Use below to plot trajectories for comparison

In [None]:
test_data = jax.tree.map(lambda v : v[2:3,:], training_ys)

plt.plot(test_data['theta1'].T)
plt.plot(test_data['theta2'].T)
y0 = jax.tree.map(lambda v : v[0,0], test_data)
y_pred = trained_model(ts,y0,NDE_args)

plt.plot(y_pred['theta1'],c='k',ls='--')
plt.plot(y_pred['theta2'],c='k',ls=':')

plt.ylim(-2*jnp.pi,2*jnp.pi)

### Loading pre-trained model

Code above can save your model such that you can re-load it later. Here is how you might load from the saved model file.

```python

model_original = NeuralODE(in_size=IN_SIZE, out_size=OUT_SIZE, width_size=WIDTH_SIZE, depth=DEPTH, activation=ACT_FUNC , key=jax.random.PRNGKey(420))
# Note that all sizes and depths must match between model_original and model_loaded
model_loaded = eqx.tree_deserialise_leaves("<model_to_be_loaded>.eqx", model_original)

```

### Chaotic trajectories

For some values of initial conditions, the double pendulum can show chaotic trajectories. In other words, small perturbations to the initial conditions lead to large variation in trajectories. Let us look at a specific example:

In [None]:
ts_chaos = jnp.linspace(0.0,20.0,2000)

DP_chaos = DPS(ts=ts_chaos)

args = {'L' : 1.0}

init_cond = {
    'theta1' : 1.0*jnp.pi/3.0,
    'theta2' : 1.0*jnp.pi/3.0,
    'theta1dot' : 0.0,
    'theta2dot' : 0.0,
    }

init_cond_perturb = {k : (1+1e-5)*v for k,v in init_cond.items()}

ys_nochaos_1 = DP_chaos(init_cond, args)
ys_nochaos_2 = DP_chaos(init_cond_perturb, args)

init_cond = {
    'theta1' : 2.0*jnp.pi/3.0,
    'theta2' : 1.0*jnp.pi/3.0,
    'theta1dot' : 0.0,
    'theta2dot' : 0.0,
    }

init_cond_perturb = {k : (1+1e-5)*v for k,v in init_cond.items()}

ys_chaos_1 = DP_chaos(init_cond, args)
ys_chaos_2 = DP_chaos(init_cond_perturb, args)

fig = plt.figure(dpi=200)
ax1 = fig.add_subplot(211)
ax2 = fig.add_subplot(212,sharex=ax1)

ax1t = ax1.twinx()
ax2t = ax2.twinx()

ax1.plot(ts_chaos,ys_nochaos_1['theta1'],label='Theta 1 - Unperturbed',color='blue')
ax1.plot(ts_chaos,ys_nochaos_2['theta1'],label='Theta 1 - Perturbed',color='orange',ls='--')
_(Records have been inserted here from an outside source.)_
lemma sum_summand_K_window_approx:
  fixes d :: int and x :: real
  assumes d: "d > 0" and dx: "real_of_int d \<le> x / 2"
  shows "\<bar>(\<Sum>k\<in>{K d x - d<..K d x}. summand d x k) - 8 / 3 * (real_of_int d)^2 * sqrt (d * x)\<bar>
    \<le> 400 * real_of_int d powr (7/2) * x powr (-1/2)"
proof -
  let ?S = "{K d x - d<..K d x}"
  have "\<bar>(\<Sum>k\<in>?S. summand d x k) - card ?S * (8 / 3 * d * sqrt (d * x))\<bar>
     \<le> card ?S * (400 * d powr (5/2) * x powr (-1/2))"
    by (rule abs_sum_minus_card_mult_le) (use summand_bound_in_K_window[OF d dx] in auto)
  moreover have "real (card ?S) = real_of_int d" using d by simp
  moreover have "d * (8 / 3 * d * sqrt (d * x)) = 8 / 3 * (real_of_int d)^2 * sqrt (d * x)"
    by (simp add: power2_eq_square)
  moreover have "d * (400 * d powr (5/2) * x powr (-1/2)) = 400 * d powr (7/2) * x powr (-1/2)"
    using d by (simp add: powr_add[of "real_of_int d" 1 "5/2", simplified])
  ultimately show ?thesis by metis
qed

theorem proposition7:
  "\<exists>C1 C2::real. \<forall>(d::int) (x::real). 0 < d \<and> real_of_int d \<le> x / 2 \<longrightarrow>
     \<bar>(\<Sum>k\<in>{K d x - d<..K d x}.
          (real_of_int d)^2 * real_of_int \<lfloor>x / real_of_int k\<rfloor>
          + 2 * real_of_int d * x / real_of_int \<lfloor>x / real_of_int k\<rfloor>
          - x^2 * F (x / real_of_int k))
       - 8 / 3 * (real_of_int d)^2 * sqrt (real_of_int d * x)\<bar>
     \<le> C1 * real_of_int d powr (7/2) * x powr (-1/2) + C2 * (real_of_int d)^2"
  by (rule exI[of _ 400], rule exI[of _ 0])
    (use sum_summand_K_window_approx[unfolded summand_def] in auto)

end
ax1t.plot(ts_chaos,ys_nochaos_1['theta2'],label='Theta 2 - Unperturbed',color='red')
ax1t.plot(ts_chaos,ys_nochaos_2['theta2'],label='Theta 2 - Perturbed',color='green',ls='--')

ax2.plot(ts_chaos,ys_chaos_1['theta1'],label='Theta 1 - Unperturbed',color='blue')
ax2.plot(ts_chaos,ys_chaos_2['theta1'],label='Theta 1 - Perturbed',color='orange',ls='--')
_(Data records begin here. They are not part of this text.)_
lemma epl_weight_bounds:
  assumes "0 < c" "c \<le> a" "c \<le> b" "0 \<le> e" "e \<le> 1"
  shows "0 \<le> epl_weight a b e" "epl_weight a b e \<le> 1 / c"
proof -
  have den: "c \<le> b * e + a * (1 - e)"
  proof -
    have "c = c * e + c * (1 - e)" by (simp add: algebra_simps)
    also have "\<dots> \<le> b * e + a * (1 - e)" using assms by (intro add_mono mult_right_mono) auto
    finally show ?thesis .
  qed
  have num: "0 \<le> e * (1 - e)" "e * (1 - e) \<le> 1" using assms by (auto simp: mult_le_one)
  show "0 \<le> epl_weight a b e" unfolding epl_weight_def using num den assms by simp
  have "epl_weight a b e \<le> 1 / (b * e + a * (1 - e))" unfolding epl_weight_def using num den assms
    by (intro divide_right_mono) auto
  also have "\<dots> \<le> 1 / c" using den assms by (intro divide_left_mono) auto
  finally show "epl_weight a b e \<le> 1 / c" .
qed

section \<open>Matrix inversion reverses the Loewner order\<close>

lemma matrix_inv_mult:
  fixes A :: "'a::semiring_1^'n^'m"
  assumes "invertible A"
  shows "A ** matrix_inv A = mat 1" "matrix_inv A ** A = mat 1"
  using someI_ex[OF assms[unfolded invertible_def]] unfolding matrix_inv_def by blast+

lemma matrix_inv_mult_vector:
  fixes A :: "'a::comm_semiring_1^'n^'m"
  assumes "invertible A"
  shows "A *v (matrix_inv A *v x) = x" "matrix_inv A *v (A *v y) = y"
  by (simp_all add: matrix_vector_mul_assoc matrix_inv_mult[OF assms])

lemma psd_quadratic_form_eq_0_imp_mult_eq_0:
  fixes B :: "real^'n^'n"
  assumes sym: "\<And>y z. y \<bullet> (B *v z) = z \<bullet> (B *v y)"
    and psd: "\<And>y. 0 \<le> y \<bullet> (B *v y)"
    and y: "y \<bullet> (B *v y) = 0"
  shows "B *v y = 0"
proof (rule ccontr)
  define u where "u = B *v y"
  define N where "N = u \<bullet> u"
  define K where "K = u \<bullet> (B *v u)"
  define s where "s = N / (K + 1)"
  assume "B *v y \<noteq> 0"
  then have N: "0 < N" unfolding N_def u_def by simp
  have K: "0 \<le> K" unfolding K_def by (rule psd)
  have s: "0 < s" using N K unfolding s_def by simp
  have "0 \<le> (y - s *\<^sub>R u) \<bullet> (B *v (y - s *\<^sub>R u))" by (rule psd)
  also have "\<dots> = y \<bullet> (B *v y) - s * (y \<bullet> (B *v u)) - s * (u \<bullet> (B *v y)) + s * s * K"
    unfolding K_def by (simp add: algebra_simps)
  also have "\<dots> = - 2 * s * N + s * s * K"
    using y sym[of y u] unfolding N_def u_def by simp
  finally have "2 * N \<le> s * K" using s by (simp add: mult.assoc)
  also have "s * K < N" using N K unfolding s_def by (simp add: field_simps)
  finally show False using N by simp
qed

text \<open>\<open>x \<bullet> (B\<^sup>-\<^sup>1 *v x)\<close> is the maximum over \<open>y\<close> of \<open>2 (x \<bullet> y) - y \<bullet> (B *v y)\<close>, which is
  antitone in \<open>B\<close>.\<close>

lemma psd_le_matrix_inv_antimono:
  fixes A B :: "real^'n^'n"
  assumes sym: "\<And>y z. y \<bullet> (B *v z) = z \<bullet> (B *v y)"
    and psd: "\<And>y. 0 \<le> y \<bullet> (B *v y)"
    and B: "invertible B"
    and le: "\<And>y. y \<bullet> (B *v y) \<le> y \<bullet> (A *v y)"
  shows "invertible A" "psd_le (matrix_inv A) (matrix_inv B)"
proof -
  have "y = 0" if "A *v y = 0" for y
  proof -
    have "y \<bullet> (B *v y) = 0" using le[of y] psd[of y] that by simp
    then have "B *v y = 0" by (rule psd_quadratic_form_eq_0_imp_mult_eq_0[OF sym psd])
    then show "y = 0" using matrix_inv_mult_vector(2)[OF B, of y] by simp
  qed
  then show A: "invertible A"
    unfolding invertible_left_inverse matrix_left_invertible_ker by blast
  have B_max: "2 * (x \<bullet> y) - y \<bullet> (B *v y) \<le> x \<bullet> (matrix_inv B *v x)" for x y
  proof -
    define z where "z = matrix_inv B *v x"
    have Bz: "B *v z = x" unfolding z_def by (rule matrix_inv_mult_vector(1)[OF B])
    have "0 \<le> (y - z) \<bullet> (B *v (y - z))" by (rule psd)
    also have "\<dots> = y \<bullet> (B *v y) - y \<bullet> (B *v z) - z \<bullet> (B *v y) + z \<bullet> (B *v z)"
      by (simp add: algebra_simps)
    also have "\<dots> = y \<bullet> (B *v y) - 2 * (x \<bullet> y) + x \<bullet> z"
      using sym[of z y] Bz by (simp add: inner_commute)
    finally show ?thesis unfolding z_def by simp
  qed
  show "psd_le (matrix_inv A) (matrix_inv B)"
    unfolding psd_le_def
  proof
    fix x
    define y where "y = matrix_inv A *v x"
    have Ay: "A *v y = x" unfolding y_def by (rule matrix_inv_mult_vector(1)[OF A])
    have "x \<bullet> (matrix_inv A *v x) = 2 * (x \<bullet> y) - y \<bullet> (A *v y)"
      using Ay unfolding y_def by (simp add: inner_commute)
    also have "\<dots> \<le> 2 * (x \<bullet> y) - y \<bullet> (B *v y)" using le[of y] by simp
    also have "\<dots> \<le> x \<bullet> (matrix_inv B *v x)" by (rule B_max)
    finally show "0 \<le> x \<bullet> ((matrix_inv B - matrix_inv A) *v x)"
      by (simp add: matrix_vector_mult_diff_rdistrib inner_diff_right)
  qed
qed

section \<open>The EPL information matrix\<close>

lemma outer_mult_vector: "outer u *v z = (u \<bullet> z) *\<^sub>R u"
  unfolding outer_def
  by (simp add: vec_eq_iff matrix_vector_mult_def inner_vec_def sum_distrib_left algebra_simps)

lemma inner_outer_mult_vector: "y \<bullet> (outer u *v z) = (u \<bullet> y) * (u \<bullet> z)"
  unfolding outer_mult_vector by (simp add: inner_commute)

lemma norm_outer: "norm (outer u) = (norm u)\<^sup>2"
proof -
  have "outer u $ i = u $ i *\<^sub>R u" for i unfolding outer_def by (simp add: vec_eq_iff)
  then have "norm (outer u) = L2_set (\<lambda>i. norm u * norm (u $ i)) UNIV"
    unfolding norm_vec_def[of "outer u"] by (simp add: mult.commute)
  also have "\<dots> = (norm u)\<^sup>2"
    by (simp add: L2_set_right_distrib[symmetric] power2_eq_square norm_vec_def[of u])
  finally show ?thesis .
qed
ax2t.plot(ts_chaos,ys_chaos_1['theta2'],label='Theta 2 - Unperturbed',color='red')
ax2t.plot(ts_chaos,ys_chaos_2['theta2'],label='Theta 2 - Perturbed',color='green',ls='--')
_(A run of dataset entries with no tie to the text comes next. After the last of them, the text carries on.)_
lemma bounds_at_least_exceeding_scale:
  fixes b :: nat
  assumes rsp: "rsp_setting V E src dst c r s t R" and sorted: "sorted_edges E c es"
    and "b > 0" and ex: "\<exists>i. C_opt E src dst (cminus c (scale V U i)) r s t R > real b"
    and U_def: "U = bound_U V E src dst c r s t R es"
    and istar_def: "istar = (LEAST i. C_opt E src dst (cminus c (scale V U i)) r s t R > real b)"
  shows "real b * scale V U istar \<le> C_opt E src dst c r s t R"
    and "C_opt E src dst c r s t R \<le>
           (if istar = 0 then U else 2 * scale V U istar * (real b + real (card V)))"
    and "(if istar = 0 then U else 2 * scale V U istar * (real b + real (card V)))
           / (real b * scale V U istar) \<le> 2 * (1 + real (card V) / real b)"
proof -
  let ?S = "scale V U istar"
  let ?U' = "if istar = 0 then U else 2 * ?S * (real b + real (card V))"
  have gt: "C_opt E src dst (cminus c ?S) r s t R > real b"
    unfolding istar_def using ex by (rule LeastI_ex)
  have S_pos: "?S > 0"
    using scale_pos_if_C_opt_cminus_gt[OF rsp _ gt] by simp
  show "real b * ?S \<le> C_opt E src dst c r s t R"
    using rsp S_pos gt by (rule C_opt_lower_bound_from_scaled)
  show "C_opt E src dst c r s t R \<le> ?U'"
  proof (cases istar)
    case 0
    then show ?thesis
      unfolding U_def using C_opt_le_bound_U[OF rsp sorted] by simp
  next
    case (Suc k)
    have "\<not> C_opt E src dst (cminus c (scale V U k)) r s t R > real b"
      using Suc not_less_Least[of k "\<lambda>i. C_opt E src dst (cminus c (scale V U i)) r s t R > real b"]
      unfolding istar_def by simp
    then have "C_opt E src dst c r s t R \<le> (real b + real (card V)) * scale V U k"
      using rsp S_pos Suc by (intro C_opt_upper_bound_from_scaled) (auto simp: scale_Suc)
    then show ?thesis
      using Suc by (simp add: scale_Suc algebra_simps)
  qed
  have "?U' \<le> 2 * ?S * (real b + real (card V))"
    using scale_0[OF rsp_setting_card_vertices_pos[OF rsp], of U] S_pos
    by (auto simp: algebra_simps)
  then have "?U' / (real b * ?S) \<le> 2 * ?S * (real b + real (card V)) / (real b * ?S)"
    using S_pos \<open>b > 0\<close> by (intro divide_right_mono) auto
  also have "\<dots> = 2 * (1 + real (card V) / real b)"
    using S_pos \<open>b > 0\<close> by (simp add: field_simps)
  finally show "?U' / (real b * ?S) \<le> 2 * (1 + real (card V) / real b)" .
qed

theorem lemma8:
  "\<exists>K::real. \<forall>(V::nat set) (E::nat set) (src::nat \<Rightarrow> nat) (dst::nat \<Rightarrow> nat)
       (c::nat \<Rightarrow> real) (r::nat \<Rightarrow> real) s t (R::real) (es::nat list) (b::nat).
     rsp_setting V E src dst c r s t R \<and> sorted_edges E c es \<and> b > 0 \<and>
     (\<exists>i. C_opt E src dst (cminus c (scale V (bound_U V E src dst c r s t R es) i)) r s t R > real b)
     \<longrightarrow>
     (let n = real (card V);
          U = bound_U V E src dst c r s t R es;
          S = scale V U;
          istar = (LEAST i. C_opt E src dst (cminus c (S i)) r s t R > real b);
          L' = real b * S istar;
          U' = (if istar = 0 then U else 2 * S istar * (real b + n))
      in L' \<le> C_opt E src dst c r s t R \<and> C_opt E src dst c r s t R \<le> U' \<and>
         U' / L' \<le> K * (1 + n / real b))"
  unfolding Let_def
  by (intro exI[of _ 2] allI impI; elim conjE; intro conjI;
      rule bounds_at_least_exceeding_scale[OF _ _ _ _ refl refl]; assumption)

end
ax1.set_title('Non-Chaotic Trajectories')
ax2.set_title('Chaotic Trajectories')

ax1.set_ylabel(r'$\theta_1$')
ax2.set_ylabel(r'$\theta_1$')

ax1t.set_ylabel(r'$\theta_2$')
ax2t.set_ylabel(r'$\theta_2$')

ax1.set_xlim([ts_chaos[0],ts_chaos[-1]])
fig.tight_layout()

## Problems:

- How does your trained model perform on a chaotic trajectory (select a number from the chaotic_ys paritioned at the beginning of the project)? Why is the performance likely to be poor?
- What issue will likely arise if a model is only trained on a short timeframe (e.g. [0,10]) given what is shown in the example above?


## Extension problems:

- Include the chaotic trajectories in your training data and see how the NDE model trains.
- What implications does this have more ML models of chaotic systems e.g. weather?